**What is required:**
The answer must be every line from the entries below that contains "split".
***** Recorded data
lemma gen_eigenspace_decomposition_poly:
  fixes sc :: "complex \<Rightarrow> 'v::ab_group_add \<Rightarrow> 'v"
  assumes x: "clin sc x" and U: "module.subspace sc U" "\<And>u. u \<in> U \<Longrightarrow> x u \<in> U"
  shows "p \<noteq> 0 \<Longrightarrow> u \<in> U \<Longrightarrow> poly_op sc p x u = 0 \<Longrightarrow>
    u \<in> sum_spaces UNIV (\<lambda>c. U \<inter> gen_ker (shift sc x c))"
proof (induction "degree p" arbitrary: p u rule: less_induct)
  case less
  interpret vector_space sc using x by (simp add: Vector_Spaces.linear_iff)
  show ?case
  proof (cases "degree p = 0")
    case True
    then have "sc (coeff p 0) u = 0" using less.prems(3) poly_op_bound[OF x, of p 0] by simp
    moreover have "coeff p 0 \<noteq> 0" using less.prems(1) True by (metis leading_coeff_0_iff)
    ultimately have "u = 0" by simp
    then show ?thesis unfolding sum_spaces_def by (intro CollectI exI[of _ "{}"]) simp
  next
    case False
    then have "\<not> constant (poly p)" by (simp add: constant_degree)
    then obtain z where "poly p z = 0" using fundamental_theorem_of_algebra by blast
    then have "[:-z, 1:] dvd p" by (simp add: poly_eq_0_iff_dvd)
    then obtain q where pq: "p = q * [:-z, 1:]" by (auto elim: dvdE simp: mult.commute)
    have "q \<noteq> 0" using less.prems(1) pq by auto
    moreover from this have "degree q < degree p" unfolding pq by (subst degree_mult_eq) auto
    moreover have "shift sc x z u \<in> U"
      using less.prems(2) U by (simp add: subspace_diff subspace_scale)
    moreover have "poly_op sc q x (shift sc x z u) = 0"
      using less.prems(3) unfolding pq poly_op_mult[OF x] poly_op_linear_factor[OF x] .
    ultimately have "shift sc x z u \<in> sum_spaces UNIV (\<lambda>c. U \<inter> gen_ker (shift sc x c))"
      by (intro less.hyps) auto
    with U(2) show ?thesis
      by (rule shift_preimage_in_sum_gen_eigenspaces[OF x U(1) _ less.prems(2)])
  qed
qed

lemma gen_eigenspace_decomposition:
  fixes sc :: "complex \<Rightarrow> 'v::ab_group_add \<Rightarrow> 'v"
  assumes "fin_dim sc" and x: "clin sc x"
    and U: "module.subspace sc U" "\<And>u. u \<in> U \<Longrightarrow> x u \<in> U" and "u \<in> U"
  shows "u \<in> sum_spaces UNIV (\<lambda>c. U \<inter> gen_ker (shift sc x c))"
proof -
  interpret vector_space sc using x by (simp add: Vector_Spaces.linear_iff)
  obtain B where "finite B" "span B = UNIV" using assms(1) unfolding fin_dim_def by blast
  then obtain p where "p \<noteq> 0" "poly_op sc p x u = 0"
    using annihilating_poly_exists[OF x] by blast
  then show ?thesis using gen_eigenspace_decomposition_poly[OF x U] assms(5) by blast
qed

lemma sum_spaces_reindex:
  assumes "inj_on g L" and "g ` L \<subseteq> I" and "\<And>l. l \<in> L \<Longrightarrow> W l \<subseteq> W' (g l)"
  shows "sum_spaces L W \<subseteq> sum_spaces I W'"
proof
  fix v assume "v \<in> sum_spaces L W"
  then obtain F f where F: "finite F" "F \<subseteq> L" "\<forall>l\<in>F. f l \<in> W l" "v = (\<Sum>l\<in>F. f l)"
    unfolding sum_spaces_def by blast
  let ?f = "\<lambda>c. f (inv_into L g c)"
  have inj: "inj_on g F" using assms(1) F(2) by (rule inj_on_subset)
  have "v = (\<Sum>c\<in>g ` F. ?f c)"
    using F(2,4) assms(1) by (simp add: sum.reindex[OF inj] subset_iff)
  moreover have "\<forall>c\<in>g ` F. ?f c \<in> W' c"
  proof
    fix c assume "c \<in> g ` F"
    then obtain l where l: "l \<in> F" "c = g l" by blast
    then have "l \<in> L" using F(2) by blast
    then have "?f c = f l" using l(2) inv_into_f_f[OF assms(1)] by simp
    then show "?f c \<in> W' c" using F(3) assms(3) l \<open>l \<in> L\<close> by auto
  qed
  moreover have "g ` F \<subseteq> I" using F(2) assms(2) by blast
  ultimately show "v \<in> sum_spaces I W'"
    unfolding sum_spaces_def using F(1) by (intro CollectI exI[of _ "g ` F"] exI[of _ ?f]) simp
qed

section \<open>Sequences and diagrams\<close>

lemma lab_sseq:
  assumes "length a = n" and "k \<in> {1..<n}" and "j \<in> {1..n}"
  shows "lab (sseq k a) j = lab a (Transposition.transpose k (Suc k) j)"
  using assms unfolding lab_def sseq_def Transposition.transpose_def by (auto simp: nth_list_update)

lemma finite_Seq: "finite (Seq r t)"
proof (rule finite_subset)
  show "Seq r t \<subseteq> {xs. set xs \<subseteq> UNIV \<and> length xs = r + t}" by (auto simp: Seq_def)
  show "finite {xs. set xs \<subseteq> (UNIV :: bool set) \<and> length xs = r + t}"
    by (rule finite_lists_length_eq) simp
qed

lemma sseq_in_Seq:
  assumes a: "a \<in> Seq r t" and k: "k \<in> {1..<r+t}"
  shows "sseq k a \<in> Seq r t"
proof -
  let ?\<tau> = "Transposition.transpose k (Suc k)"
  have len: "length a = r + t" using a by (simp add: Seq_def)
  have "j \<in> {1..r+t} \<longleftrightarrow> ?\<tau> j \<in> {1..r+t}" for j
    using k by (auto simp: Transposition.transpose_def)
  then have "{j \<in> {1..r+t}. lab (sseq k a) j} = ?\<tau> ` {j \<in> {1..r+t}. lab a j}"
    by (auto simp only: in_transpose_image_iff lab_sseq[OF len k] mem_Collect_eq
        transpose_involutory)
  then show ?thesis using a len by (simp add: Seq_def sseq_def card_image)
qed

lemma pts_Bot [simp]: "Bot j \<in> pts n \<longleftrightarrow> j \<in> {1..n}"
  by (auto simp: pts_def)

lemma pts_Top [simp]: "Top j \<in> pts n \<longleftrightarrow> j \<in> {1..n}"
  by (auto simp: pts_def)

lemma pts_cases:
  assumes "x \<in> pts n"
  obtains j where "x = Bot j" "j \<in> {1..n}" | j where "x = Top j" "j \<in> {1..n}"
  using assms by (auto simp: pts_def)

lemma is_diag_one_d: "a \<in> Seq r t \<Longrightarrow> is_diag r t (one_d (r+t) a)"
  unfolding is_diag_def one_d_def
  by (auto simp: vert_def elim!: pts_cases split: pt.splits)

lemma is_diag_sh_d:
  assumes a: "a \<in> Seq r t" and k: "k \<in> {1..<r+t}"
  shows "is_diag r t (sh_d (r+t) k a)"
proof -
  have len: "length a = r + t" using a by (simp add: Seq_def)
  show ?thesis
    unfolding is_diag_def sh_d_def using a sseq_in_Seq[OF a k] k
    by (auto simp: cross_m_def vert_def lab_sseq[OF len k]
        elim!: pts_cases split: pt.splits if_splits)
qed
**********
**Task answer:**
  by (auto simp: vert_def elim!: pts_cases split: pt.splits)
        elim!: pts_cases split: pt.splits if_splits)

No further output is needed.